Re: Migration <> Key-based Interop (formerly a propos of the weekly issue triage update)

To be blunt, the opinion of Twitter user "VandelayBTC" or Michael Saylor 
(who holds $4.6billion worth of BTC) on as-yet-undecided matters of SEC 
enforcement and US case law are about as relevant to our cryptographic 
choices here as Google's human rights record in China would be in the 
question of whether to implement Activity Pub in golang, or moxie's 
early State Department funding in the question of whether to bridge to 
the Signal Protocol.  You are doubling down on fear-mongering and 
trotting out your personal political beliefs instead of apologizing for 
slandering the objectivity and ethics of your colleagues.  Off-topic and 
disrespectful.

But while we're on this topic, let me respond to "various chains listed 
in the DID method registry," which is a factual error that actually 
bears on the issues at hand.

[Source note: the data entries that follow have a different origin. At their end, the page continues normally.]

(* For integers $k\ge1$ let $p_k=\int_{\mathbb R}\mathrm{sech}^k(x)\cos(x)\,dx$ and $q_k=\int_{\mathbb R}\mathrm{sech}^k(x)\log(\mathrm{sech}(x))\cos(x)\,dx$. Then \[ q_3=q_1-\tfrac12p_1,\qquad q_5=\tfrac56q_1-\tfrac{29}{72}p_1,\qquad q_7=\tfrac{13}{18}q_1-\tfrac{121}{360}p_1 . \] *)

theory Defs
  imports "HOL-Analysis.Analysis"
begin

definition sech :: "real \<Rightarrow> real" where
  "sech x = 1 / cosh x"

definition p_int :: "nat \<Rightarrow> real" where
  "p_int k = (LBINT x. sech x ^ k * cos x)"

definition q_int :: "nat \<Rightarrow> real" where
  "q_int k = (LBINT x. sech x ^ k * ln (sech x) * cos x)"

end

(*
  With s = sech and t = tanh one has s' = -s t, t' = s^2 and t^2 = 1 - s^2, so the second
  derivatives of s^k and of s^k ln s are linear combinations of s^k, s^(k+2), s^k ln s and
  s^(k+2) ln s.  Integrating f'' cos by parts twice gives minus the integral of f cos; all the
  functions involved are dominated by a multiple of 1/(1 + x^2), which makes them integrable
  and kills the boundary terms.  This yields two-step recurrences for p_k and q_k, and the
  claimed identities are their instances k = 1, 3, 5.
*)

theory Submission
  imports Defs "HOL-Probability.Sinc_Integral"
begin

definition decays_quadratically :: "(real \<Rightarrow> real) \<Rightarrow> bool" where
  "decays_quadratically f \<longleftrightarrow> (\<exists>c. \<forall>x. \<bar>f x\<bar> \<le> c / (1 + x\<^sup>2))"

lemma decays_quadraticallyI: "(\<And>x. \<bar>f x\<bar> \<le> c / (1 + x\<^sup>2)) \<Longrightarrow> decays_quadratically f"
  unfolding decays_quadratically_def by blast

lemma decays_quadratically_add:
  assumes "decays_quadratically f" "decays_quadratically g"
  shows "decays_quadratically (\<lambda>x. f x + g x)"
proof -
  obtain a b where a: "\<And>x. \<bar>f x\<bar> \<le> a / (1 + x\<^sup>2)" and b: "\<And>x. \<bar>g x\<bar> \<le> b / (1 + x\<^sup>2)"
    using assms unfolding decays_quadratically_def by blast
  have "\<bar>f x + g x\<bar> \<le> (a + b) / (1 + x\<^sup>2)" for x
  proof -
    have "\<bar>f x + g x\<bar> \<le> \<bar>f x\<bar> + \<bar>g x\<bar>"
      by (rule abs_triangle_ineq)
    also have "\<dots> \<le> a / (1 + x\<^sup>2) + b / (1 + x\<^sup>2)"
      using a b by (rule add_mono)
    finally show ?thesis
      by (simp add: add_divide_distrib)
  qed
  then show ?thesis
    by (rule decays_quadraticallyI)
qed

lemma decays_quadratically_mult_bounded:
  assumes "decays_quadratically f" and "\<And>x. \<bar>g x\<bar> \<le> B"
  shows "decays_quadratically (\<lambda>x. g x * f x)" "decays_quadratically (\<lambda>x. f x * g x)"
proof -
  obtain c where c: "\<And>x. \<bar>f x\<bar> \<le> c / (1 + x\<^sup>2)"
    using assms(1) unfolding decays_quadratically_def by blast
  have "\<bar>g x * f x\<bar> \<le> (B * c) / (1 + x\<^sup>2)" for x
  proof -
    have "\<bar>g x\<bar> * \<bar>f x\<bar> \<le> B * (c / (1 + x\<^sup>2))"
      by (rule mult_mono[OF assms(2) c]) (use assms(2)[of x] in auto)
    then show ?thesis
      by (simp add: abs_mult)
  qed
  then show "decays_quadratically (\<lambda>x. g x * f x)" "decays_quadratically (\<lambda>x. f x * g x)"
    by (auto intro: decays_quadraticallyI simp: mult.commute)
qed

lemma decays_quadratically_cmult: "decays_quadratically f \<Longrightarrow> decays_quadratically (\<lambda>x. c * f x)"
  by (rule decays_quadratically_mult_bounded(1)[where B = "\<bar>c\<bar>"]) auto

lemma decays_quadratically_minus: "decays_quadratically f \<Longrightarrow> decays_quadratically (\<lambda>x. - f x)"
  using decays_quadratically_cmult[of f "-1"] by simp

lemma decays_quadratically_diff:
  "decays_quadratically f \<Longrightarrow> decays_quadratically g \<Longrightarrow> decays_quadratically (\<lambda>x. f x - g x)"
  using decays_quadratically_add[of f "\<lambda>x. - g x"] decays_quadratically_minus[of g] by simp

lemma decays_quadratically_tendsto_0:
  assumes "decays_quadratically f"
  shows "(f \<longlongrightarrow> 0) at_top" "(f \<longlongrightarrow> 0) at_bot"
proof -
  obtain c where c: "\<And>x. \<bar>f x\<bar> \<le> c / (1 + x\<^sup>2)"
    using assms unfolding decays_quadratically_def by blast
  have "(f \<longlongrightarrow> 0) F" if "filterlim (\<lambda>x::real. 1 + x\<^sup>2) at_top F" for F
  proof (rule Lim_null_comparison[OF always_eventually])
    show "\<forall>x. norm (f x) \<le> c / (1 + x\<^sup>2)"
      using c by simp
    show "((\<lambda>x. c / (1 + x\<^sup>2)) \<longlongrightarrow> 0) F"
      using tendsto_mult[OF tendsto_const[of c] tendsto_inverse_0_at_top[OF that]]
      by (simp add: divide_inverse)
  qed
  moreover have "filterlim (\<lambda>x::real. 1 + x\<^sup>2) at_top at_top"
    by (intro filterlim_tendsto_add_at_top[OF tendsto_const] filterlim_pow_at_top filterlim_ident) auto
  moreover have "filterlim (\<lambda>x::real. 1 + x\<^sup>2) at_top at_bot"
    by (intro filterlim_tendsto_add_at_top[OF tendsto_const] filterlim_pow_at_bot_even filterlim_ident) auto
  ultimately show "(f \<longlongrightarrow> 0) at_top" "(f \<longlongrightarrow> 0) at_bot"
    by blast+
qed

lemma decays_quadratically_integrable:
  assumes "decays_quadratically f" and "continuous_on UNIV f"
  shows "integrable lborel f"
proof -
  obtain c where c: "\<And>x. \<bar>f x\<bar> \<le> c / (1 + x\<^sup>2)"
    using assms(1) unfolding decays_quadratically_def by blast
  have "0 \<le> c"
    using c[of 0] by simp
  have "integrable lborel (\<lambda>x::real. c * inverse (1 + x\<^sup>2))"
    using integrable_inverse_1_plus_square by (simp add: set_integrable_def)
  then show ?thesis
  proof (rule Bochner_Integration.integrable_bound)
    show "f \<in> borel_measurable lborel"
      using assms(2) by (simp add: borel_measurable_continuous_onI)
    show "AE x in lborel. norm (f x) \<le> norm (c * inverse (1 + x\<^sup>2))"
      using c \<open>0 \<le> c\<close> by (simp add: abs_mult divide_inverse add_pos_nonneg)
  qed
qed

lemma integrable_times_cos:
  assumes "decays_quadratically g" and "continuous_on UNIV g"
  shows "integrable lborel (\<lambda>x. g x * cos x)"
proof (rule decays_quadratically_integrable)
  show "decays_quadratically (\<lambda>x. g x * cos x)"
    using assms(1) abs_cos_le_one by (rule decays_quadratically_mult_bounded(2))
  show "continuous_on UNIV (\<lambda>x. g x * cos x)"
    using assms(2) by (intro continuous_intros)
qed

lemma integral_derivative_eq_0_at_infinity:
  fixes F f :: "real \<Rightarrow> real"
  assumes "\<And>x. (F has_real_derivative f x) (at x)" and "\<And>x. isCont f x"
    and "integrable lborel f" and "(F \<longlongrightarrow> 0) at_top" and "(F \<longlongrightarrow> 0) at_bot"
  shows "(LBINT x. f x) = 0"
proof -
  have "(LBINT x=-\<infinity>..\<infinity>. f x) = 0 - 0"
    by (rule interval_integral_FTC_integrable[where F = F])
      (use assms in \<open>auto simp: has_real_derivative_iff_has_vector_derivative[symmetric]
        set_integrable_def ereal_tendsto_simps1\<close>)
  then show ?thesis
    by (simp add: interval_lebesgue_integral_def set_lebesgue_integral_def)
qed

lemma integral_second_derivative_times_cos:
  fixes f f' f'' :: "real \<Rightarrow> real"
  assumes f': "\<And>x. (f has_real_derivative f' x) (at x)"
    and f'': "\<And>x. (f' has_real_derivative f'' x) (at x)"
    and cont: "continuous_on UNIV f''"
    and decay: "decays_quadratically f" "decays_quadratically f'" "decays_quadratically f''"
  shows "(LBINT x. f'' x * cos x) = - (LBINT x. f x * cos x)"
proof -
  have isCont_f: "isCont f x" and isCont_f'': "isCont f'' x" for x
    using DERIV_isCont[OF f'] cont by (simp_all add: continuous_on_eq_continuous_at)
  then have "continuous_on UNIV f"
    by (simp add: continuous_at_imp_continuous_on)
  have int: "integrable lborel (\<lambda>x. f x * cos x)" "integrable lborel (\<lambda>x. f'' x * cos x)"
    using decay \<open>continuous_on UNIV f\<close> cont by (simp_all add: integrable_times_cos)
  have "(LBINT x. f'' x * cos x + f x * cos x) = 0"
  proof (rule integral_derivative_eq_0_at_infinity)
    show "((\<lambda>x. f' x * cos x + f x * sin x) has_real_derivative f'' x * cos x + f x * cos x) (at x)"
      for x
      by (auto intro!: derivative_eq_intros f' f'' simp: algebra_simps)
    show "isCont (\<lambda>x. f'' x * cos x + f x * cos x) x" for x
      by (intro continuous_intros isCont_f isCont_f'')
    show "integrable lborel (\<lambda>x. f'' x * cos x + f x * cos x)"
      using int by simp
    have "decays_quadratically (\<lambda>x. f' x * cos x + f x * sin x)"
      using decay by (auto intro!: decays_quadratically_add decays_quadratically_mult_bounded
          abs_cos_le_one abs_sin_le_one)
    then show "((\<lambda>x. f' x * cos x + f x * sin x) \<longlongrightarrow> 0) at_top"
      "((\<lambda>x. f' x * cos x + f x * sin x) \<longlongrightarrow> 0) at_bot"
      by (rule decays_quadratically_tendsto_0)+
  qed
  then show ?thesis
    using int by simp
qed

lemma sech_pos [simp]: "0 < sech x"
  by (simp add: sech_def)

lemma sech_nonzero [simp]: "sech x \<noteq> 0"
  by (simp add: sech_def)

lemma abs_sech [simp]: "\<bar>sech x\<bar> = sech x"
  by (simp add: less_imp_le)

lemma sech_le_one: "sech x \<le> 1"
  using cosh_real_ge_1[of x] by (simp add: sech_def)

lemma abs_sech_power_le_one: "\<bar>sech x ^ k\<bar> \<le> 1"
proof -
  have "sech x ^ k \<le> 1"
    by (rule power_le_one) (simp_all add: less_imp_le sech_le_one)
  then show ?thesis
    by (simp add: power_abs)
qed

lemma ln_sech: "ln (sech x) = - ln (cosh x)"
  by (simp add: sech_def ln_div)

lemma tanh_square: "tanh x ^ 2 = 1 - sech x ^ 2"
proof -
  have "sinh x ^ 2 + 1 = cosh x ^ 2"
    by (simp add: cosh_square_eq)
  then show ?thesis
    by (simp add: tanh_def sech_def field_simps)
qed

lemma abs_tanh_le_one: "\<bar>tanh x\<bar> \<le> (1::real)"
  using tanh_real_bounds[of x] by auto

lemma continuous_on_sech [continuous_intros]:
  "continuous_on A f \<Longrightarrow> continuous_on A (\<lambda>x. sech (f x))"
  unfolding sech_def by (intro continuous_on_divide continuous_on_const continuous_on_cosh) auto

lemma has_real_derivative_sech [THEN DERIV_chain2, derivative_intros]:
  "(sech has_real_derivative - sech x * tanh x) (at x)"
  unfolding sech_def[abs_def] tanh_def
  by (auto intro!: derivative_eq_intros simp: power2_eq_square field_simps)

lemma has_real_derivative_sech_power:
  "((\<lambda>x. sech x ^ k) has_real_derivative - (real k * sech x ^ k * tanh x)) (at x)"
proof (rule DERIV_cong)
  show "((\<lambda>x. sech x ^ k) has_real_derivative
      real k * ((- sech x * tanh x) * sech x ^ (k - 1))) (at x)"
    by (auto intro!: derivative_eq_intros)
  show "real k * ((- sech x * tanh x) * sech x ^ (k - 1)) = - (real k * sech x ^ k * tanh x)"
    by (cases k) (simp_all add: algebra_simps)
qed

lemma has_real_derivative_ln_sech: "((\<lambda>x. ln (sech x)) has_real_derivative - tanh x) (at x)"
  by (auto intro!: derivative_eq_intros)

lemma has_real_derivative_tanh: "(tanh has_real_derivative sech x ^ 2) (at x)"
  by (auto intro!: derivative_eq_intros simp: tanh_square)

lemma sech_times_one_plus_ln_cosh_le: "sech x * (1 + ln (cosh x)) \<le> 54 / (1 + x\<^sup>2)"
proof -
  define y where "y = \<bar>x\<bar>"
  have "0 \<le> y"
    by (simp add: y_def)
  have "cosh x = cosh y"
    by (simp add: y_def)
  then have two_cosh: "2 * cosh x = exp y + exp (- y)"
    by (simp add: cosh_def)
  moreover have "exp (- y) \<le> exp y"
    using \<open>0 \<le> y\<close> by simp
  ultimately have "cosh x \<le> exp y"
    by linarith
  then have "ln (cosh x) \<le> y"
    using ln_le_cancel_iff[of "cosh x" "exp y"] by simp
  moreover have "0 \<le> ln (cosh x)"
    using cosh_real_ge_1[of x] by simp
  ultimately have "(1 + ln (cosh x)) * (1 + x\<^sup>2) \<le> (1 + y) * (1 + y\<^sup>2)"
    by (intro mult_mono) (auto simp: y_def)
  also have "\<dots> \<le> 27 + 27 * y + 9 * y\<^sup>2 + y ^ 3"
    using \<open>0 \<le> y\<close> by (simp add: algebra_simps power2_eq_square power3_eq_cube)
  also have "\<dots> = 27 * (1 + y / 3) ^ 3"
    by (simp add: field_simps power2_eq_square power3_eq_cube)
  also have "\<dots> \<le> 27 * exp y"
    using exp_ge_one_plus_x_over_n_power_n[of 3 y] \<open>0 \<le> y\<close> by simp
  also have "\<dots> \<le> 54 * cosh x"
    using two_cosh exp_gt_zero[of "- y"] by linarith
  finally have "(1 + ln (cosh x)) * (1 + x\<^sup>2) \<le> 54 * cosh x" .
  moreover have "0 < 1 + x\<^sup>2"
    by (simp add: add_pos_nonneg)
  ultimately show ?thesis
    by (simp add: sech_def field_simps)
qed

The DID method registry lists export data 
models, some of which take advantage of cryptographic primitives and 
data models used in blockchain applications.  That's it, that's the 
entirety of their relationship to cryptocurrency. Those data models are 
simply neutral technical documents, like IETF RFCs, multikey entries in 
the multiformats codec table, or the machine-readable LD signature 
suites you contributed to.  No DID method I've yet seen is in any way 
bound to one chain or one token (whether that token be a security, a 
commodity, both, or neither) so all of this still smacks of ad hominem, 
guilt-by-association, and overreaching, paranoid appeals to quo vadis. 
DID Methods work across entire "virtual machines" (did:eth), "runtimes" 
(polkadot) and families of chains (DID:BTC). What makes a given token a 
security, a commodity, or both is the typically capital-intensive 
process of fundraising to launch a specific chain produced by nodes 
(i.e. "instances") running a given runtime (i.e. "codebase"), not the 
codebase of the runtime that creates the chain.  This maps neatly to 
AP's instance/implementation distinction-- an instance can be illegal 
once deployed, but the implementation it instantiates is just code 
(which will hopefully remain free speech as a matter of settled US case 
law, Tornado Cash notwithstanding). This is why the price, legal status, 
and management of Ethereum (the token) have no particular legal or 
ethical bearing on the European Commission using IBM middleware ("Besu") 
to spin up a permissioned EVM ledger (i.e. unrelated instance of the 
Ethereum codebase) to experiment with payment rails and to anchor DIDs 
in its R&D work on decentralized identities (did:ebsi). The very real 
possibility of Eth (the token) being declared a security and EVM 
research having been partly paid for by donations of "ill-gotten gains" 
on the part of ConsenSys or other early fundraising participants doesn't 
seem to have poisoned the fruit of the EVM codebase in the opinion of 
the European Commission, as EVM-based DID methods benefit the most 
mercenary and criminal holders of Eth in no particular way.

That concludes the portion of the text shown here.